* EXERCISE INSTRUCTIONS: Every line in the records below between the one holding "deriv (\<lambda>z. deriv" and the one holding "(\<forall>k x. ((deriv", inclusive, is to be set down exactly; all other lines are to be left out.

* RECORD SET:
(* Consider the following network model. Let $q$ be a prime power, $K\ge1$, $L\ge1$, $N_{\mathrm S}\ge K$, $N_{\mathrm R}\ge1$. A source S draws $N_{\mathrm S}$ coefficient vectors i.i.d. uniformly from $\mathbb{F}_q^K$ and broadcasts one packet per vector. Each packet is received by the destination D and by each relay $\mathrm R_j$ ($j=1,\dots,L$) according to erasure events that are independent of the coefficients. Relay $\mathrm R_j$, having received $m_j$ packets with coefficient matrix $\mathbf{C}_{\mathrm S\to\mathrm R_j}\in\mathbb{F}_q^{m_j\times K}$, draws $\mathbf{G}_j\in\mathbb{F}_q^{N_{\mathrm R}\times m_j}$ with i.i.d. uniform entries (independent of everything else) and transmits the $N_{\mathrm R}$ rows of $\mathbf{G}_j\mathbf{C}_{\mathrm S\to\mathrm R_j}$; D receives $m'_j$ of them. D stacks the $m_{\mathrm D}$ coefficient vectors received directly from S and all $m'=\sum_j m'_j$ recoded vectors received from the relays into the matrix $\mathbf{C}_{\mathrm D}$. Let $m$ be the number of distinct source packets received by at least one relay and $m_{\mathrm{RD}}$ the number of those also received by D. Let $X$ be the event $\operatorname{rank}(\mathbf{C}_{\mathrm D})=K$. Then, conditional on the erasure pattern (so that $m,m_{\mathrm D},m_{\mathrm{RD}},m'_1,\dots,m'_L$ are fixed), $$\Pr[X]\le \mathbb{P}^{(2)}\big(m'+m_{\mathrm D},\; m-m_{\mathrm{RD}}+m_{\mathrm D},\; m_{\mathrm D};\,K\big),$$ where for nonnegative integers $m_1,m_2\ge m_{12}$, $$\mathbb{P}^{(2)}(m_1,m_2,m_{12};K)=\sum_{i=\max(0,\,K-m_1+m_{12},\,K-m_2+m_{12})}^{\min(m_{12},K)}\mathbb{P}_i(m_{12},K)\,\mathbb{P}(m_1-m_{12},K-i)\,\mathbb{P}(m_2-m_{12},K-i),$$ with $\mathbb{P}(a,b)=\prod_{i=0}^{b-1}(1-q^{i-a})$ and $\mathbb{P}_r(a,b)=q^{-a(b-r)}\prod_{i=0}^{r-1}\frac{q^{b-i}-1}{q^{r-i}-1}\prod_{i=0}^{r-1}(1-q^{i-a})$.
   Context: $\mathbb{P}(a,b)$ is the probability that an $a\times b$ matrix with i.i.d. uniform entries over $\mathbb{F}_q$ has rank $b$, and $\mathbb{P}_r(a,b)$ the probability it has rank $r$. $\mathbb{P}^{(2)}(m_1,m_2,m_{12};K)$ is the probability that two uniformly random matrices with $m_1$ and $m_2$ rows and $K$ columns, sharing exactly $m_{12}$ common rows, are simultaneously of rank $K$. *)

theory Defs
  imports "Jordan_Normal_Form.DL_Rank_Submatrix"
begin

text \<open>Probability that an a x b uniform random matrix over F_q has rank b
  (q = field size).\<close>
definition Pfull :: "nat \<Rightarrow> nat \<Rightarrow> nat \<Rightarrow> real" where
  "Pfull q a b = (\<Prod>i<b. 1 - (real q) powi (int i - int a))"

text \<open>Probability that an a x b uniform random matrix over F_q has rank r.\<close>
definition Prank :: "nat \<Rightarrow> nat \<Rightarrow> nat \<Rightarrow> nat \<Rightarrow> real" where
  "Prank q r a b = (real q) powi (- (int a * (int b - int r)))
     * (\<Prod>i<r. ((real q) ^ (b - i) - 1) / ((real q) ^ (r - i) - 1))
     * (\<Prod>i<r. 1 - (real q) powi (int i - int a))"

definition P2 :: "nat \<Rightarrow> nat \<Rightarrow> nat \<Rightarrow> nat \<Rightarrow> nat \<Rightarrow> real" where
  "P2 q m1 m2 m12 K =
     (\<Sum>i\<in>{i. i \<le> min m12 K \<and> int K - int m1 + int m12 \<le> int i
                \<and> int K - int m2 + int m12 \<le> int i}.
        Prank q i m12 K * Pfull q (m1 - m12) (K - i) * Pfull q (m2 - m12) (K - i))"

text \<open>Coefficient matrix of relay j: the rows of C indexed by the source packets
  received by relay j (in increasing order).\<close>
definition relay_in :: "'a::field mat \<Rightarrow> nat set \<Rightarrow> 'a mat" where
  "relay_in C S = submatrix C S UNIV"

text \<open>Matrix C_D at the destination: rows of C received directly (index set DS),
  stacked on the rows of G_j * C_{S->R_j} received from relay j (index set RD j),
  for j = 0..L-1.\<close>
definition dest_mat ::
  "nat \<Rightarrow> nat \<Rightarrow> nat set \<Rightarrow> (nat \<Rightarrow> nat set) \<Rightarrow> (nat \<Rightarrow> nat set)
     \<Rightarrow> 'a::field mat \<Rightarrow> (nat \<Rightarrow> 'a mat) \<Rightarrow> 'a mat" where
  "dest_mat K L DS RS RD C G =
     submatrix C DS UNIV @\<^sub>r
     foldr (\<lambda>j M. submatrix (G j * relay_in C (RS j)) (RD j) UNIV @\<^sub>r M) [0..<L] (0\<^sub>m 0 K)"

text \<open>Sample space given the erasure pattern: the source coefficient matrix C
  (NS x K, uniform) and the relay coding matrices G_j (NR x m_j, uniform),
  all independent, i.e. uniform on the product.\<close>
definition outcomes ::
  "nat \<Rightarrow> nat \<Rightarrow> nat \<Rightarrow> nat \<Rightarrow> (nat \<Rightarrow> nat set) \<Rightarrow> ('a::field mat \<times> (nat \<Rightarrow> 'a mat)) set" where
  "outcomes K L NS NR RS =
     carrier_mat NS K \<times> (\<Pi>\<^sub>E j\<in>{..<L}. carrier_mat NR (card (RS j)))"

definition prob_X ::
  "'a::{field,finite} itself \<Rightarrow> nat \<Rightarrow> nat \<Rightarrow> nat \<Rightarrow> nat \<Rightarrow> nat set
     \<Rightarrow> (nat \<Rightarrow> nat set) \<Rightarrow> (nat \<Rightarrow> nat set) \<Rightarrow> real" where
  "prob_X TYPE('a) K L NS NR DS RS RD =
     real (card {(C, G) \<in> (outcomes K L NS NR RS :: ('a mat \<times> (nat \<Rightarrow> 'a mat)) set).
                   (let CD = dest_mat K L DS RS RD C G in vec_space.rank (dim_row CD) CD = K)})
     / real (card (outcomes K L NS NR RS :: ('a mat \<times> (nat \<Rightarrow> 'a mat)) set))"

end

(* Let V_D be the
   kernel of the rows of C received directly by D and V_S <= V_D the kernel of all rows of C that
   reach D or a relay.  Every recoded row is a combination of relayed rows, so ker C_D contains V_S
   and equals the part of V_D killed by the m' recoded rows; full rank therefore forces V_S = 0 and forces the
   recoded rows, read as random functionals on V_D, to cut V_D down to 0.
   A uniform functional on a d-dimensional space vanishes with probability q^-d and otherwise cuts
   the dimension by one; a recoded functional g (M x) vanishes at least as often, which can only
   hurt.  Iterating, the recoded rows cut V_D down to 0 with probability at most P(m', dim V_D),
   and the m - m_RD source rows that reach a relay but not D cut it down to V_S = 0 with
   probability exactly P(m - m_RD, dim V_D).  Finally
   dim V_D = K - rank of a uniform m_D x K matrix, distributed according to P_r(m_D, K), and
   summing over this rank gives P^(2). *)
theory Submission
  imports Defs Berlekamp_Zassenhaus.Berlekamp_Type_Based
begin
(* In the purely diffusive, time-homogeneous case with $r=0$, for every $n\le N$ the solution $G^n$ of the $n$-th Cauchy problem has the form $$G^n(t,x;T,y)=\sum_{\substack{0\le i\le n,\ 0\le j\le n(n+3),\ 0\le k\le n(n+5)/2\\ i+j-k\ge n}}c^n_{i,j,k}\,(x-\bar x)^i\big(\sqrt{T-t}\big)^j\,\partial_x^kG^0(t,x;T,y),$$ where the $c^n_{i,j,k}$ are polynomial functions of $\alpha_0,\alpha_1,\dots,\alpha_n$.
   Context: Diffusion $dX=-\frac{\sigma^2(X)}2dt+\sigma(X)dW$, $a=\sigma^2$ satisfying Assumption A$_N$ ($a$ is $N$ times continuously differentiable, with $a$ and its derivatives up to order $N$ bounded and Lipschitz). Basepoint $\bar x$: $\alpha_0=a(\bar x)$, $\alpha_n=\frac12a^{(n)}(\bar x)/n!$. $L_0=\frac{\alpha_0}2(\partial_{xx}-\partial_x)+\partial_t$, $L_n=L_0+\sum_{k=1}^n\alpha_k(x-\bar x)^k(\partial_{xx}-\partial_x)$. $G^0$ is the (Gaussian) fundamental solution of $L_0$; for $k\ge1$, $G^k(\cdot,\cdot;T,y)$ solves $L_0G^k=-\sum_{h=1}^k\alpha_h(x-\bar x)^h(\partial_{xx}-\partial_x)G^{k-h}$ on $(0,T)\times\mathbb R$, $G^k(T,\cdot;T,y)=0$. *)

theory Defs
  imports "HOL-Analysis.Analysis"
begin

definition assumption_A :: "nat \<Rightarrow> (real \<Rightarrow> real) \<Rightarrow> bool" where
  "assumption_A N a \<longleftrightarrow>
     (\<forall>k<N. \<forall>x. ((deriv ^^ k) a) differentiable (at x)) \<and>
     (\<forall>k\<le>N. continuous_on UNIV ((deriv ^^ k) a) \<and>
              bounded (range ((deriv ^^ k) a)) \<and>
              (\<exists>L. lipschitz_on L UNIV ((deriv ^^ k) a)))"

definition alpha :: "(real \<Rightarrow> real) \<Rightarrow> real \<Rightarrow> nat \<Rightarrow> real" where
  "alpha a xbar n = (if n = 0 then a xbar else ((deriv ^^ n) a xbar) / (2 * fact n))"

text \<open>Gaussian fundamental solution G^0(t,x;T,y) of
  L_0 = (alpha_0/2)(d_xx - d_x) + d_t (transition density of the
  arithmetic Brownian motion with drift -alpha_0/2 and variance alpha_0).\<close>
definition G0 :: "real \<Rightarrow> real \<Rightarrow> real \<Rightarrow> real \<Rightarrow> real \<Rightarrow> real" where
  "G0 a0 t x T y =
     exp (- ((y - x + a0 * (T - t) / 2)^2) / (2 * a0 * (T - t))) / sqrt (2 * pi * a0 * (T - t))"

definition idx :: "nat \<Rightarrow> (nat \<times> nat \<times> nat) set" where
  "idx n = {(i, j, k). i \<le> n \<and> j \<le> n * (n + 3) \<and> k \<le> n * (n + 5) div 2 \<and> n + k \<le> i + j}"

definition Gform :: "(nat \<Rightarrow> nat \<Rightarrow> nat \<Rightarrow> real) \<Rightarrow> nat \<Rightarrow> real \<Rightarrow> real \<Rightarrow> real \<Rightarrow> real
                     \<Rightarrow> real \<Rightarrow> real \<Rightarrow> real" where
  "Gform c n a0 xbar T y t x =
     (\<Sum>(i, j, k)\<in>idx n. c i j k * (x - xbar)^i * (sqrt (T - t))^j *
        (deriv ^^ k) (\<lambda>z. G0 a0 t z T y) x)"

definition Lxx :: "(real \<Rightarrow> real \<Rightarrow> real) \<Rightarrow> real \<Rightarrow> real \<Rightarrow> real" where
  "Lxx u t x = deriv (\<lambda>z. deriv (\<lambda>w. u t w) z) x - deriv (\<lambda>w. u t w) x"

definition test_function :: "(real \<Rightarrow> real) \<Rightarrow> bool" where
  "test_function \<phi> \<longleftrightarrow> (\<forall>k x. ((deriv ^^ k) \<phi>) differentiable (at x)) \<and> bounded {x. \<phi> x \<noteq> 0}"

text \<open>u solves L_0 u = f on (0,T) x R (classically), with terminal condition
  u(T,.) = 0 understood in the sense of distributions in x (as t -> T-).\<close>
definition cauchy_sol :: "real \<Rightarrow> real \<Rightarrow> (real \<Rightarrow> real \<Rightarrow> real) \<Rightarrow> (real \<Rightarrow> real \<Rightarrow> real) \<Rightarrow> bool" where
  "cauchy_sol a0 T u f \<longleftrightarrow>
     (\<forall>t\<in>{0<..<T}. \<forall>x.
        (\<lambda>s. u s x) differentiable (at t) \<and>
        (\<lambda>z. u t z) differentiable (at x) \<and>
        (\<lambda>z. deriv (\<lambda>w. u t w) z) differentiable (at x) \<and>
        a0 / 2 * Lxx u t x + deriv (\<lambda>s. u s x) t = f t x) \<and>
     (\<forall>\<phi>. test_function \<phi> \<longrightarrow>
        (\<forall>t\<in>{0<..<T}. integrable lborel (\<lambda>x. u t x * \<phi> x)) \<and>
        ((\<lambda>t. integral\<^sup>L lborel (\<lambda>x. u t x * \<phi> x)) \<longlongrightarrow> 0) (at_left T))"

inductive_set poly_fun :: "nat \<Rightarrow> ((nat \<Rightarrow> real) \<Rightarrow> real) set" for n :: nat where
  const: "(\<lambda>\<alpha>. c) \<in> poly_fun n"
| var: "i \<le> n \<Longrightarrow> (\<lambda>\<alpha>. \<alpha> i) \<in> poly_fun n"
| add: "p \<in> poly_fun n \<Longrightarrow> q \<in> poly_fun n \<Longrightarrow> (\<lambda>\<alpha>. p \<alpha> + q \<alpha>) \<in> poly_fun n"
| mult: "p \<in> poly_fun n \<Longrightarrow> q \<in> poly_fun n \<Longrightarrow> (\<lambda>\<alpha>. p \<alpha> * q \<alpha>) \<in> poly_fun n"

end

theory Submission
  imports Defs "HOL-Probability.Probability"
begin

text \<open>Every \<open>x\<close>-derivative of \<open>G\<^sup>0\<close> is a polynomial in \<open>w = x - y - \<alpha>\<^sub>0 (T - t)/2\<close> and \<open>1/v\<close>,
  \<open>v = \<alpha>\<^sub>0 (T - t)\<close>, times the heat kernel in \<open>(w, v)\<close>; such functions again solve
  \<open>\<partial>\<^sub>v = \<partial>\<^sub>w\<^sub>w / 2\<close>, so \<open>L\<^sub>0\<close> annihilates \<open>D\<^sub>k = \<partial>\<^sub>x\<^sup>k G\<^sup>0\<close> for every \<open>k\<close>. Hence, with \<open>\<tau> = T - t\<close>,
  \<open>L\<^sub>0\<close> maps \<open>(x - xbar)\<^sup>i \<tau>\<^sup>p\<^sup>+\<^sup>1 D\<^sub>k\<close> to \<open>-(p + 1) (x - xbar)\<^sup>i \<tau>\<^sup>p D\<^sub>k\<close> plus terms of lower degree in
  \<open>x - xbar\<close>, and the source terms of the \<open>n\<close>-th problem can be inverted monomial by monomial.
  This builds \<open>G\<^sup>n\<close> recursively as a finite sum of such monomials whose coefficients are
  polynomials in \<open>\<alpha>\<^sub>0, \<dots>, \<alpha>\<^sub>n\<close> and whose exponents stay in the stated ranges.
  For \<open>n \<ge> 1\<close> every monomial carries a positive power of \<open>\<tau>\<close>, while \<open>\<integral> D\<^sub>k \<phi>\<close> stays bounded
  as \<open>t \<rightarrow> T\<close> (integrate by parts; \<open>G\<^sup>0(t, \<cdot>)\<close> is a probability density), so \<open>G\<^sup>n(t, \<cdot>) \<rightarrow> 0\<close>
  weakly.\<close>

section \<open>Derivatives of the Gaussian kernel\<close>

definition heat_kernel :: "real \<Rightarrow> real \<Rightarrow> real" where
  "heat_kernel w v = exp (- (w^2) / (2 * v)) / sqrt (2 * pi * v)"

lemma heat_kernel_pos: "v > 0 \<Longrightarrow> heat_kernel w v > 0"
  by (simp add: heat_kernel_def)

lemma heat_kernel_has_derivative:
  assumes w: "(w has_real_derivative w') (at s)" and v: "(v has_real_derivative v') (at s)"
    and v_pos: "v s > 0"
  shows "((\<lambda>s. heat_kernel (w s) (v s)) has_real_derivative
      (w' * (- w s / v s) + v' * (w s ^ 2 / (2 * v s ^ 2) - 1 / (2 * v s))) * heat_kernel (w s) (v s)) (at s)"
proof -
  have sqrt_pos: "sqrt (2 * pi * v s) > 0" using v_pos by simp
  have inverse_sqrt: "inverse (sqrt (2 * pi * v s)) = sqrt (2 * pi * v s) / (2 * pi * v s)"
    using v_pos by (simp add: field_simps)
  have divide_sqrt: "e / sqrt (2 * pi * v s) = e * sqrt (2 * pi * v s) / (2 * pi * v s)" for e
    by (metis inverse_sqrt divide_inverse mult.commute times_divide_eq_right)
  show ?thesis
    unfolding heat_kernel_def
    using v_pos sqrt_pos pi_gt_zero
    apply (auto intro!: derivative_eq_intros w v simp: inverse_sqrt)
     apply (smt (verit) mult_pos_pos pi_gt_zero)
    apply (simp only: divide_sqrt)
    apply (simp add: field_simps power2_eq_square)
    done
qed

text \<open>A list of triples \<open>(c, a, b)\<close> represents the function \<open>\<Sum> c w^a / v^b\<close>. The operations
  \<open>heat_poly_dw\<close> and \<open>heat_poly_dv\<close> are chosen so that they describe the partial derivatives of
  \<open>P \<cdot> heat_kernel\<close>, not of \<open>P\<close> alone.\<close>

type_synonym heat_poly = "(real \<times> nat \<times> nat) list"

definition heat_poly_eval :: "heat_poly \<Rightarrow> real \<Rightarrow> real \<Rightarrow> real" where
  "heat_poly_eval P w v = (\<Sum>(c, a, b)\<leftarrow>P. c * w ^ a / v ^ b)"

definition heat_poly_dw :: "heat_poly \<Rightarrow> heat_poly" where
  "heat_poly_dw P = concat (map (\<lambda>(c, a, b). [(c * real a, a - 1, b), (- c, a + 1, b + 1)]) P)"

definition heat_poly_dv :: "heat_poly \<Rightarrow> heat_poly" where
  "heat_poly_dv P =
     concat (map (\<lambda>(c, a, b). [(- c * real b, a, b + 1), (c / 2, a + 2, b + 2), (- c / 2, a, b + 1)]) P)"

lemma heat_poly_eval_simps [simp]:
  "heat_poly_eval [] w v = 0"
  "heat_poly_eval ((c, a, b) # P) w v = c * w ^ a / v ^ b + heat_poly_eval P w v"
  "heat_poly_eval (P @ Q) w v = heat_poly_eval P w v + heat_poly_eval Q w v"
  by (simp_all add: heat_poly_eval_def)

lemma heat_poly_dw_simps [simp]:
  "heat_poly_dw [] = []"
  "heat_poly_dw ((c, a, b) # P) = [(c * real a, a - 1, b), (- c, a + 1, b + 1)] @ heat_poly_dw P"
  by (simp_all add: heat_poly_dw_def)

lemma heat_poly_dv_simps [simp]:
  "heat_poly_dv [] = []"
  "heat_poly_dv ((c, a, b) # P) =
     [(- c * real b, a, b + 1), (c / 2, a + 2, b + 2), (- c / 2, a, b + 1)] @ heat_poly_dv P"
  by (simp_all add: heat_poly_dv_def)

lemma heat_poly_kernel_has_derivative:
  assumes w: "(w has_real_derivative w') (at s)" and v: "(v has_real_derivative v') (at s)"
    and v_pos: "v s > 0"
  shows "((\<lambda>s. heat_poly_eval P (w s) (v s) * heat_kernel (w s) (v s)) has_real_derivative
     (w' * heat_poly_eval (heat_poly_dw P) (w s) (v s) + v' * heat_poly_eval (heat_poly_dv P) (w s) (v s))
       * heat_kernel (w s) (v s)) (at s)"
proof (induction P)
  case Nil
  then show ?case by simp
next
  case (Cons t P)
  obtain c a b where t: "t = (c, a, b)" by (cases t)
  have "((\<lambda>s. c * w s ^ a / v s ^ b * heat_kernel (w s) (v s) +
      heat_poly_eval P (w s) (v s) * heat_kernel (w s) (v s)) has_real_derivative
      c * (w' * (real a * w s ^ (a - 1) / v s ^ b - w s ^ (a + 1) / v s ^ (b + 1))
        + v' * (- real b * w s ^ a / v s ^ (b + 1) + w s ^ (a + 2) / (2 * v s ^ (b + 2))
                - w s ^ a / (2 * v s ^ (b + 1)))) * heat_kernel (w s) (v s)
      + (w' * heat_poly_eval (heat_poly_dw P) (w s) (v s) + v' * heat_poly_eval (heat_poly_dv P) (w s) (v s))
        * heat_kernel (w s) (v s)) (at s)"
    using v_pos
    by (intro DERIV_add Cons, auto intro!: derivative_eq_intros w v heat_kernel_has_derivative)
       (cases a; cases b; simp add: field_simps power2_eq_square)
  then show ?case
    by (simp add: t algebra_simps)
qed

lemma heat_poly_dv_dw_commute:
  assumes "v \<noteq> 0"
  shows "heat_poly_eval (heat_poly_dv (heat_poly_dw P)) w v = heat_poly_eval (heat_poly_dw (heat_poly_dv P)) w v"
proof (induction P)
  case Nil
  then show ?case by simp
next
  case (Cons t P)
  then show ?case
    using assms by (cases t; cases "fst (snd t)") (auto simp: field_simps power2_eq_square)
qed

text \<open>\<open>heat_poly_dw\<close> only depends on the function represented, since it represents a derivative.\<close>

lemma heat_poly_dw_cong:
  assumes v_pos: "v > 0" and eq: "\<And>w. heat_poly_eval P w v = c * heat_poly_eval Q w v"
  shows "heat_poly_eval (heat_poly_dw P) w v = c * heat_poly_eval (heat_poly_dw Q) w v"
proof -
  have deriv_w: "((\<lambda>w. heat_poly_eval R w v * heat_kernel w v) has_real_derivative
      heat_poly_eval (heat_poly_dw R) w v * heat_kernel w v) (at w)" for R
    using heat_poly_kernel_has_derivative[of "\<lambda>w. w" 1 w "\<lambda>_. v" 0 R] v_pos
    by (auto intro!: derivative_eq_intros)
  have "((\<lambda>w. heat_poly_eval P w v * heat_kernel w v) has_real_derivative
      c * (heat_poly_eval (heat_poly_dw Q) w v * heat_kernel w v)) (at w)"
    using DERIV_cmult[OF deriv_w[of Q], of c] by (simp add: eq mult.assoc)
  then have "heat_poly_eval (heat_poly_dw P) w v * heat_kernel w v =
      c * heat_poly_eval (heat_poly_dw Q) w v * heat_kernel w v"
    using DERIV_unique[OF deriv_w[of P]] by simp
  then show ?thesis
    using heat_kernel_pos[OF v_pos, of w] by simp
qed

definition heat_kernel_deriv_poly :: "nat \<Rightarrow> heat_poly" where
  "heat_kernel_deriv_poly k = (heat_poly_dw ^^ k) [(1, 0, 0)]"

lemma heat_kernel_deriv_poly_Suc:
  "heat_kernel_deriv_poly (Suc k) = heat_poly_dw (heat_kernel_deriv_poly k)"
  by (simp add: heat_kernel_deriv_poly_def)

lemma heat_kernel_deriv_poly_heat_equation:
  assumes v_pos: "v > 0"
  shows "heat_poly_eval (heat_poly_dv (heat_kernel_deriv_poly k)) w v =
    1 / 2 * heat_poly_eval (heat_poly_dw (heat_poly_dw (heat_kernel_deriv_poly k))) w v"
proof (induction k arbitrary: w)
  case 0
  then show ?case
    using v_pos by (simp add: heat_kernel_deriv_poly_def field_simps power2_eq_square)
next
  case (Suc k)
  have "heat_poly_eval (heat_poly_dv (heat_kernel_deriv_poly (Suc k))) w v =
      heat_poly_eval (heat_poly_dw (heat_poly_dv (heat_kernel_deriv_poly k))) w v"
    using heat_poly_dv_dw_commute v_pos by (simp add: heat_kernel_deriv_poly_Suc)
  also have "\<dots> = 1 / 2 * heat_poly_eval (heat_poly_dw (heat_poly_dw (heat_kernel_deriv_poly (Suc k)))) w v"
    by (rule heat_poly_dw_cong[OF v_pos]) (simp add: Suc heat_kernel_deriv_poly_Suc)
  finally show ?case .
qed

* RESPONSE FOR THIS EXERCISE:
  "Lxx u t x = deriv (\<lambda>z. deriv (\<lambda>w. u t w) z) x - deriv (\<lambda>w. u t w) x"

definition test_function :: "(real \<Rightarrow> real) \<Rightarrow> bool" where
  "test_function \<phi> \<longleftrightarrow> (\<forall>k x. ((deriv ^^ k) \<phi>) differentiable (at x)) \<and> bounded {x. \<phi> x \<noteq> 0}"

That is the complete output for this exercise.